The hooded tomb of Katherine Wynne ~ St Trillo’s, Llandrillo, Denbighshire.

I live with a brain that aches with the stretch of reaching back into a past so very distant that whispers are all that may escape – and those barely heard and hard to grasp, wisps of meaning. And so sometimes I’m at risk of missing meaning in the more recent. I last visited Llandrillo in early March, and I’d tootled down to the village specifically to visit the Tyfos Stone Circle. The light was beginning to ebb at pace, and I’d popped in the local shop for a packet of mints, and left with a packet of mints and two bottles of ale. Wandering through the village on my way back to the car, I thought I’d pop into the church – a merry little bonus to what had been a successful trip. As I walked up the path towards the south door of the church, I saw a woman in the porch holding a mop. She glanced up at me, with a look which suggested,

tup thinks he’s walking mud in my church?

I chose instead on a tactful swerve to the right and a wander around the churchyard instead. I’m glad I did, since I might have missed the little wonder that is the hooded tomb of Katherine Wynne. These little gems are rare, and rarer still in good condition.
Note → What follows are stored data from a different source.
lemma scaled_convex_hull_finite:
  fixes C :: "'a::real_vector set"
  assumes "finite C" and "T > 0"
  shows "x \<in> (\<lambda>y. T *\<^sub>R y) ` (convex hull C) \<longleftrightarrow>
    (\<exists>\<mu>. (\<forall>v\<in>C. 0 \<le> \<mu> v) \<and> sum \<mu> C = T \<and> (\<Sum>v\<in>C. \<mu> v *\<^sub>R v) = x)"
proof
  assume "x \<in> (\<lambda>y. T *\<^sub>R y) ` (convex hull C)"
  then obtain u where "\<forall>v\<in>C. 0 \<le> u v" "sum u C = 1" "x = T *\<^sub>R (\<Sum>v\<in>C. u v *\<^sub>R v)"
    using convex_hull_finite[OF assms(1)] by auto
  then show "\<exists>\<mu>. (\<forall>v\<in>C. 0 \<le> \<mu> v) \<and> sum \<mu> C = T \<and> (\<Sum>v\<in>C. \<mu> v *\<^sub>R v) = x"
    using assms by (intro exI[of _ "\<lambda>v. T * u v"])
      (auto simp: sum_distrib_left[symmetric] scaleR_sum_right)
next
  assume "\<exists>\<mu>. (\<forall>v\<in>C. 0 \<le> \<mu> v) \<and> sum \<mu> C = T \<and> (\<Sum>v\<in>C. \<mu> v *\<^sub>R v) = x"
  then obtain \<mu> where \<mu>: "\<forall>v\<in>C. 0 \<le> \<mu> v" "sum \<mu> C = T" "(\<Sum>v\<in>C. \<mu> v *\<^sub>R v) = x"
    by blast
  have "(1 / T) *\<^sub>R x \<in> convex hull C"
    unfolding convex_hull_finite[OF assms(1)] using \<mu> assms
    by (intro CollectI exI[of _ "\<lambda>v. \<mu> v / T"])
      (auto simp: sum_divide_distrib[symmetric] scaleR_sum_right)
  moreover have "x = T *\<^sub>R ((1 / T) *\<^sub>R x)" using assms by simp
  ultimately show "x \<in> (\<lambda>y. T *\<^sub>R y) ` (convex hull C)" by blast
qed

lemma size_eq_sum_count:
  assumes "finite A" and "set_mset M \<subseteq> A"
  shows "size M = (\<Sum>v\<in>A. count M v)"
proof -
  have "size M = (\<Sum>v\<in>set_mset M. count M v)" by (simp add: size_multiset_overloaded_eq)
  also have "\<dots> = (\<Sum>v\<in>A. count M v)"
    using assms by (intro sum.mono_neutral_left) (auto simp: not_in_iff)
  finally show ?thesis .
qed

lemma card_affine_independent_le:
  fixes C :: "'a::euclidean_space set"
  assumes "\<not> affine_dependent C"
  shows "card C \<le> DIM('a) + 1"
  using aff_dim_affine_independent[OF assms] aff_dim_le_DIM[of C] by linarith

lemma scale_t_pos: "scale_t d n > 0"
  unfolding scale_t_def by (rule prod_pos) (auto simp: in_prime_factors_iff prime_gt_0_nat)

locale lattice_simplex =
  fixes C :: "(real ^ 'd) set" and t :: nat
  assumes finite_C: "finite C" and C_nonempty: "C \<noteq> {}"
    and independent_C: "\<not> affine_dependent C" and C_lattice: "C \<subseteq> lattice_points"
    and t_pos: "t > 0"
begin

definition points :: "(real ^ 'd) set" where
  "points = (\<lambda>x. real t *\<^sub>R x) ` (convex hull C) \<inter> lattice_points"

definition is_coords :: "(real ^ 'd \<Rightarrow> real) \<Rightarrow> real ^ 'd \<Rightarrow> bool" where
  "is_coords \<mu> x \<longleftrightarrow> (\<forall>v\<in>C. 0 \<le> \<mu> v) \<and> sum \<mu> C = real t \<and> (\<Sum>v\<in>C. \<mu> v *\<^sub>R v) = x"

definition coord :: "real ^ 'd \<Rightarrow> real ^ 'd \<Rightarrow> real" where
  "coord x = (SOME \<mu>. is_coords \<mu> x)"

definition pattern :: "real ^ 'd \<Rightarrow> real ^ 'd \<Rightarrow> real" where
  "pattern x v = (if v \<in> C then frac (coord x v) else 0)"

definition weight :: "(real ^ 'd \<Rightarrow> real) \<Rightarrow> nat" where
  "weight f = nat \<lfloor>sum f C\<rfloor>"

definition lift :: "(real ^ 'd \<Rightarrow> real) \<Rightarrow> (real ^ 'd) multiset \<Rightarrow> real ^ 'd" where
  "lift f M = (\<Sum>v\<in>C. (real (count M v) + f v) *\<^sub>R v)"

lemma points_iff: "x \<in> points \<longleftrightarrow> x \<in> lattice_points \<and> (\<exists>\<mu>. is_coords \<mu> x)"
  unfolding points_def is_coords_def
  using scaled_convex_hull_finite[OF finite_C, of "real t" x] t_pos by auto

lemma coord_eq:
  assumes "is_coords \<mu> x" and "v \<in> C"
  shows "coord x v = \<mu> v"
proof -
  have "is_coords (coord x) x" unfolding coord_def using assms(1) by (rule someI[of "\<lambda>\<mu>. is_coords \<mu> x"])
  then have "sum (coord x) C = sum \<mu> C" and "(\<Sum>v\<in>C. coord x v *\<^sub>R v) = (\<Sum>v\<in>C. \<mu> v *\<^sub>R v)"
    using assms(1) by (auto simp: is_coords_def)
  then show ?thesis by (rule affine_independent_coeffs_unique[OF finite_C independent_C _ _ assms(2)])
qed

lemma coord_is_coords: "x \<in> points \<Longrightarrow> is_coords (coord x) x"
  unfolding coord_def using points_iff by (metis someI_ex)

lemma finite_points: "finite points"
  unfolding points_def
  by (intro finite_bounded_lattice_points bounded_scaling finite_imp_bounded_convex_hull finite_C)

lemma pattern_nonneg: "0 \<le> pattern x v"
  and pattern_less_1: "pattern x v < 1"
  by (auto simp: pattern_def frac_lt_1)

lemma coord_split: "v \<in> C \<Longrightarrow> coord x v = of_int \<lfloor>coord x v\<rfloor> + pattern x v"
  by (simp add: pattern_def frac_def)

(* The pattern of a lattice point has integral weight, smaller than card C and at most t;
   integrality holds because the coordinates sum to t. *)
lemma weight_pattern:
  assumes "x \<in> points"
  shows "real (weight (pattern x)) = sum (pattern x) C"
    and "weight (pattern x) < card C" and "weight (pattern x) \<le> t"
proof -
  have coords: "is_coords (coord x) x" using assms by (rule coord_is_coords)
  have "sum (pattern x) C = (\<Sum>v\<in>C. coord x v - of_int \<lfloor>coord x v\<rfloor>)"
  proof (rule sum.cong)
    fix v assume v: "v \<in> C"
    show "pattern x v = coord x v - of_int \<lfloor>coord x v\<rfloor>"
      using coord_split[OF v, of x] by linarith
  qed simp
  also have "\<dots> = real t - (\<Sum>v\<in>C. of_int \<lfloor>coord x v\<rfloor>)"
    using coords by (simp add: sum_subtractf is_coords_def)
  finally have "sum (pattern x) C \<in> \<int>" by auto
  then obtain z where z: "sum (pattern x) C = of_int z" by (auto elim: Ints_cases)
  moreover have "0 \<le> sum (pattern x) C" by (simp add: sum_nonneg pattern_nonneg)
  ultimately show weight: "real (weight (pattern x)) = sum (pattern x) C"
    by (simp add: weight_def)
  have "sum (pattern x) C < (\<Sum>v\<in>C. 1)"
    by (rule sum_strict_mono[OF finite_C C_nonempty]) (simp add: pattern_less_1)
  then show "weight (pattern x) < card C" using weight by simp
  have "sum (pattern x) C \<le> sum (coord x) C"
  proof (rule sum_mono)
    fix v assume v: "v \<in> C"
    then have "0 \<le> \<lfloor>coord x v\<rfloor>" using coords by (simp add: is_coords_def)
    then show "pattern x v \<le> coord x v" using coord_split[OF v, of x] by linarith
  qed
  then show "weight (pattern x) \<le> t" using weight coords by (simp add: is_coords_def)
qed

lemma weight_eq_0_iff:
  assumes "x \<in> points"
  shows "weight (pattern x) = 0 \<longleftrightarrow> pattern x = (\<lambda>_. 0)"
proof -
  have "weight (pattern x) = 0 \<longleftrightarrow> sum (pattern x) C = 0"
    by (simp flip: weight_pattern(1)[OF assms])
  also have "\<dots> \<longleftrightarrow> (\<forall>v\<in>C. pattern x v = 0)"
    by (rule sum_nonneg_eq_0_iff[OF finite_C]) (simp add: pattern_nonneg)
  also have "\<dots> \<longleftrightarrow> pattern x = (\<lambda>_. 0)"
    by (auto simp: fun_eq_iff pattern_def)
  finally show ?thesis .
qed

lemma zero_pattern_attained: "(\<lambda>_. 0) \<in> pattern ` points"
proof -
  obtain v0 where v0: "v0 \<in> C" using C_nonempty by blast
  define \<mu> where "\<mu> v = (if v = v0 then real t else 0)" for v
  have "(\<Sum>v\<in>C. \<mu> v *\<^sub>R v) = (\<Sum>v\<in>C. if v = v0 then real t *\<^sub>R v else 0)"
    by (rule sum.cong) (auto simp: \<mu>_def)
  then have coords: "is_coords \<mu> (real t *\<^sub>R v0)"
    using v0 finite_C unfolding is_coords_def by (auto simp: \<mu>_def)
  moreover have "real t *\<^sub>R v0 \<in> lattice_points"
    using v0 C_lattice by (intro lattice_points_scaleR) auto
  ultimately have "real t *\<^sub>R v0 \<in> points" using points_iff by blast
  moreover have "pattern (real t *\<^sub>R v0) = (\<lambda>_. 0)"
    by (auto simp: fun_eq_iff pattern_def coord_eq[OF coords] \<mu>_def)
  ultimately show ?thesis by force
qed

lemma lift_coords:
  assumes "x0 \<in> points" and "M \<in> multisets_of_size C (t - weight (pattern x0))"
  shows "is_coords (\<lambda>v. real (count M v) + pattern x0 v) (lift (pattern x0) M)"
proof -
  have "(\<Sum>v\<in>C. real (count M v)) = real (t - weight (pattern x0))"
    using assms(2) size_eq_sum_count[OF finite_C, of M]
    by (simp add: multisets_of_size_def flip: of_nat_sum)
  then show ?thesis
    using weight_pattern[OF assms(1)]
    by (auto simp: is_coords_def lift_def sum.distrib pattern_nonneg add_nonneg_nonneg)
qed

(* Lifting preserves the pattern and lands on a lattice point, since it differs from the
   lattice point x0 by an integer combination of vertices. *)
lemma lift_in_fiber:
  assumes "x0 \<in> points" and "M \<in> multisets_of_size C (t - weight (pattern x0))"
  shows "lift (pattern x0) M \<in> points" and "pattern (lift (pattern x0) M) = pattern x0"
proof -
  let ?x = "lift (pattern x0) M"
  have coords: "is_coords (\<lambda>v. real (count M v) + pattern x0 v) ?x"
    by (rule lift_coords[OF assms])
  have "?x - x0 = (\<Sum>v\<in>C. (real (count M v) + pattern x0 v - coord x0 v) *\<^sub>R v)"
    using coord_is_coords[OF assms(1)] unfolding lift_def is_coords_def
    by (simp add: scaleR_diff_left sum_subtractf)
  also have "\<dots> \<in> lattice_points"
  proof (rule lattice_points_integer_combination[OF C_lattice])
    fix v assume v: "v \<in> C"
    have "real (count M v) + pattern x0 v - coord x0 v
        = of_nat (count M v) - of_int \<lfloor>coord x0 v\<rfloor>"
      using coord_split[OF v, of x0] by linarith
    then show "real (count M v) + pattern x0 v - coord x0 v \<in> \<int>"
      by (simp only: Ints_diff Ints_of_int Ints_of_nat)
  qed
  finally have "x0 + (?x - x0) \<in> lattice_points"
    using assms(1) points_iff lattice_points_add by blast
  then show "?x \<in> points" using coords points_iff by auto
  have frac_shift: "frac (real k + y) = y" if "0 \<le> y" "y < 1" for k :: nat and y :: real
    using that by (metis frac_add_of_int_left frac_eq of_int_of_nat_eq)
  show "pattern ?x = pattern x0"
  proof
    fix v show "pattern ?x v = pattern x0 v"
    proof (cases "v \<in> C")
      case True
      then have "pattern ?x v = frac (real (count M v) + pattern x0 v)"
        by (simp only: pattern_def[of ?x] coord_eq[OF coords True] if_True)
      then show ?thesis using frac_shift pattern_nonneg pattern_less_1 by simp
    qed (simp add: pattern_def)
  qed
qed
The finest of these is undoubtedly the tomb of Grace Williams in the churchyard of St Mael and St Sulien’s in Cwm, but I’d forgotten that Llandrillo had its own, and so to unexpectedly come across it here, hit me like a freight train. I’m told they were a sort of compromise between the overtly ostentatious and the downright inconspicuous, and who am I to argue? But, I see something else. I don’t pretend to be a historian of any worth, and I know the truth of my failings here, since as I continue to wander and wonder, I find that I am increasingly allowing myself to give weight to how these lumps, bumps, ruins and remains make me feel – which is not proper form, for a historian. For all my Efrogesque (just get your head around that mashup of a mongrelised word) pragmatism, I do like the beauty of a hooded tomb. Yes, I must admit to that.

The much weathered remains of the skull and crossbones on the underside of the hood.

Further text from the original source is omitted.